A program was written in Matlab to implement the above described MDS-Procrustes method. This program takes in a query and data file of phylogenetic trees in Newick format and outputs the MDS-Procrustes similarity scores from each query tree in the query tree file to each data tree in the data tree file. In order to test the effectiveness of our method, we initially compared a set of data trees with a set of query trees whose nearest matches to the data set are known.
31
To accomplish this, we generated a set of 40 unweighted, unrooted data trees D = {d1,…..,d40} with Ndata = {n1,…..,n20} nodes. The trees were generated using the rtree function from the Ape package in R. We then selected a random Nquery={nm,…,nm+4} with m ≤ 16 for each d in D to comprise our set of query trees Q = {q1,…..,q40}. Thus, each query tree would always be a random 5 node subtree of a data tree. We then compared each qεQ to each dεD to test the ability of our method to correctly detect similarity between a tree and its subtree as a query structure.

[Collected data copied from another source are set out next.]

lemma FPF_prefs_with_outcome:
  assumes "p \<in> FPF G n"
  shows "p \<in> prefs_with_outcome G n (parking_outcome G n p)"
proof -
  have "\<forall>i<n. 1 \<le> p ! i"
    using assms by (auto simp: FPF_def dest!: nth_mem)
  then show ?thesis
    using run_parking_outcome[of G n p n] assms by (auto simp: FPF_def prefs_with_outcome_def)
qed

lemma parking_outcome_prefs_with_outcome:
  assumes "p \<in> prefs_with_outcome G n spot" "i \<in> {1..n}"
  shows "parking_outcome G n p i = spot i"
proof -
  obtain j where j: "i = Suc j" "j < n" using assms(2) by (cases i) auto
  have "run G n p j = Some (parked spot j)" using run_prefs_with_outcome[OF assms(1)] j by simp
  moreover have "p ! j \<in> prefs_parking_at G n (parked spot j) (Suc j) (spot (Suc j))"
    using assms j by (auto simp: prefs_with_outcome_def)
  ultimately show ?thesis unfolding parking_outcome_def using j Least_prefs_parking_at by simp
qed

lemma parked_cong: "\<forall>i\<in>{1..m}. spot i = spot' i \<Longrightarrow> parked spot m = parked spot' m"
  by (induction m) auto

lemma prefs_with_outcome_cong:
  assumes "\<forall>i\<in>{1..n}. spot i = spot' i"
  shows "prefs_with_outcome G n spot = prefs_with_outcome G n spot'"
proof -
  have "parked spot i = parked spot' i \<and> spot (Suc i) = spot' (Suc i)" if "i < n" for i
    using assms that by (intro conjI parked_cong) auto
  then show ?thesis unfolding prefs_with_outcome_def by auto
qed

lemma card_FPF_eq_sum_outcomes:
  fixes F :: "'x \<Rightarrow> nat \<Rightarrow> nat"
  assumes "finite X"
    and cover: "\<And>p. p \<in> FPF G n \<Longrightarrow> \<exists>x\<in>X. \<forall>i\<in>{1..n}. parking_outcome G n p i = F x i"
    and inj: "\<And>x y. x \<in> X \<Longrightarrow> y \<in> X \<Longrightarrow> \<forall>i\<in>{1..n}. F x i = F y i \<Longrightarrow> x = y"
  shows "card (FPF G n) = (\<Sum>x\<in>X. card (prefs_with_outcome G n (F x)))"
proof -
  have union: "FPF G n = (\<Union>x\<in>X. prefs_with_outcome G n (F x))"
  proof (intro equalityI subsetI)
    fix p assume p: "p \<in> FPF G n"
    then obtain x where "x \<in> X" and "\<forall>i\<in>{1..n}. parking_outcome G n p i = F x i"
      using cover by blast
    then have "prefs_with_outcome G n (parking_outcome G n p) = prefs_with_outcome G n (F x)"
      by (intro prefs_with_outcome_cong)
    then show "p \<in> (\<Union>x\<in>X. prefs_with_outcome G n (F x))"
      using FPF_prefs_with_outcome[OF p] \<open>x \<in> X\<close> by blast
  qed (use prefs_with_outcome_subset_FPF in blast)
  have disjoint: "prefs_with_outcome G n (F x) \<inter> prefs_with_outcome G n (F y) = {}"
    if "x \<in> X" "y \<in> X" "x \<noteq> y" for x y
  proof (rule ccontr)
    assume "prefs_with_outcome G n (F x) \<inter> prefs_with_outcome G n (F y) \<noteq> {}"
    then obtain p where px: "p \<in> prefs_with_outcome G n (F x)"
      and py: "p \<in> prefs_with_outcome G n (F y)"
      by blast
    have "F x i = F y i" if "i \<in> {1..n}" for i
      using parking_outcome_prefs_with_outcome[OF px that]
        parking_outcome_prefs_with_outcome[OF py that] by simp
    then show False using inj \<open>x \<in> X\<close> \<open>y \<in> X\<close> \<open>x \<noteq> y\<close> by blast
  qed
  have "finite (prefs_with_outcome G n (F x))" for x
    using finite_subset[OF prefs_with_outcome_subset_FPF finite_FPF] .
  then show ?thesis
    unfolding union by (intro card_UN_disjoint) (use \<open>finite X\<close> disjoint in auto)
qed
lemma loc_isom_immersion_uniform_velocity:
  assumes "loc_isom_immersion \<gamma>"
  obtains c d where "c\<^sup>2 + d\<^sup>2 = 1" "\<And>t. \<exists>e>0. helical_on \<gamma> c d (ball t e)"
proof -
  obtain E C D where E: "\<And>t. 0 < E t" "\<And>t. E t \<le> 1/8" and CD: "\<And>t. (C t)\<^sup>2 + (D t)\<^sup>2 = 1"
    and hel: "\<And>t. helical_on \<gamma> (C t) (D t) (ball t (E t))"
    using loc_isom_immersion_locally_helical[OF assms] by metis
  have C_le: "\<bar>C t\<bar> \<le> 1" for t
  proof -
    have "(C t)\<^sup>2 \<le> 1" using CD[of t] zero_le_power2[of "D t"] by linarith
    then show ?thesis by (simp add: abs_square_le_1)
  qed
  have same: "(C s, D s) = (C t, D t)" if s: "s \<in> ball t (E t)" for s t
  proof -
    define \<epsilon> where "\<epsilon> = min (E t - dist t s) (E s)"
    define s' where "s' = s + \<epsilon> / 2"
    have \<epsilon>: "0 < \<epsilon>" "\<epsilon> \<le> E s" using s E(1)[of s] by (auto simp: \<epsilon>_def)
    let ?S = "ball t (E t) \<inter> ball s (E s)"
    have "dist s s' = \<epsilon> / 2" using \<epsilon> by (simp add: s'_def dist_real_def)
    moreover have "\<epsilon> \<le> E t - dist t s" by (simp add: \<epsilon>_def)
    ultimately have "s' \<in> ball t (E t)" "s' \<in> ball s (E s)"
      using dist_triangle[of t s' s] \<epsilon> by auto
    then have "s \<in> ?S" "s' \<in> ?S" using s E(1)[of s] by auto
    moreover have "s \<noteq> s'" "\<bar>s' - s\<bar> < 1/2" using \<epsilon> E(2)[of s] by (auto simp: s'_def)
    ultimately have "C s = C t \<and> D s = D t"
      using helical_on_unique_velocity[of \<gamma> "C s" "D s" ?S "C t" "D t"] C_le
        helical_on_subset[OF hel[of s]] helical_on_subset[OF hel[of t]] by blast
    then show ?thesis by simp
  qed
  have "(C t, D t) = (C 0, D 0)" for t
    by (rule locally_constant_real_eq) (use E(1) same in blast)
  then show ?thesis using that[of "C 0" "D 0"] CD hel E(1) by (metis prod.inject)
qed

lemma loc_isom_immersion_eq_helix:
  assumes "loc_isom_immersion \<gamma>"
  obtains x0 y0 c d where "c\<^sup>2 + d\<^sup>2 = 1" "\<gamma> = helix x0 y0 c d"
proof -
  obtain c d where cd: "c\<^sup>2 + d\<^sup>2 = 1" and hel: "\<And>t. \<exists>e>0. helical_on \<gamma> c d (ball t e)"
    using loc_isom_immersion_uniform_velocity[OF assms] by blast
  define F where "F s = (frac (fst (\<gamma> s) - c * s), snd (\<gamma> s) - d * s)" for s
  have "\<exists>e>0. \<forall>s\<in>ball t e. F s = F t" for t
  proof -
    obtain e where e: "e > 0" "helical_on \<gamma> c d (ball t e)" using hel by blast
    have "F s = F t" if "s \<in> ball t e" for s
    proof -
      have "fst (\<gamma> s) - fst (\<gamma> t) - c * (s - t) \<in> \<int>" "snd (\<gamma> s) - snd (\<gamma> t) = d * (s - t)"
        using e that unfolding helical_on_def by auto
      then show ?thesis by (simp add: F_def frac_eq_frac_iff algebra_simps)
    qed
    then show ?thesis using e by blast
  qed
  then have F: "F s = F 0" for s by (rule locally_constant_real_eq)
  have "\<gamma> s = helix (fst (\<gamma> 0)) (snd (\<gamma> 0)) c d s" for s
  proof -
    have "0 \<le> fst (\<gamma> s)" "fst (\<gamma> s) < 1"
      using assms unfolding loc_isom_immersion_def cyl_def by auto
    then have "fst (\<gamma> s) = frac (fst (\<gamma> s))" by (simp add: frac_eq)
    also have "\<dots> = frac (fst (\<gamma> 0) + c * s)"
      using F[of s] by (simp add: F_def frac_eq_frac_iff frac_eq algebra_simps)
    finally show ?thesis using F[of s] by (simp add: F_def helix_def prod_eq_iff)
  qed
  then show ?thesis using that cd by blast
qed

In this scenario, MDS-Procrustes was able to correctly identify the most similar data tree as the structure from which the query tree was derived each time (with a distance equal to 0 on each instance). This is expected since we reduce the input distance matrices to include only distances between common nodes prior to MDS and Procrustes analysis, but it is important to show that the method will work for the trivial case and that the fitting will not yield any
unforeseen results. We show the distribution of results of this random test in Fig 14. As seen in the figure, there were 40 queries that resulted in a distance of approximately 0 from the query tree to the data tree (each of these scores occurred in a comparison between the data tree and its subtree). The rest of the similarity score distribution was fairly evenly distributed and allowed for an effective ranking in this particular test scenario.
32
Figure 14 - MDS-Procrustes distribution for validation dataset
Similarity score distribution for random data set of 40 weighted trees with 20 nodes. Query tree used was a random 5 node subtree of each given data tree in the comparison. The 40 100% similarity matches represent the situation when the query tree was compared to the data tree from which it originated.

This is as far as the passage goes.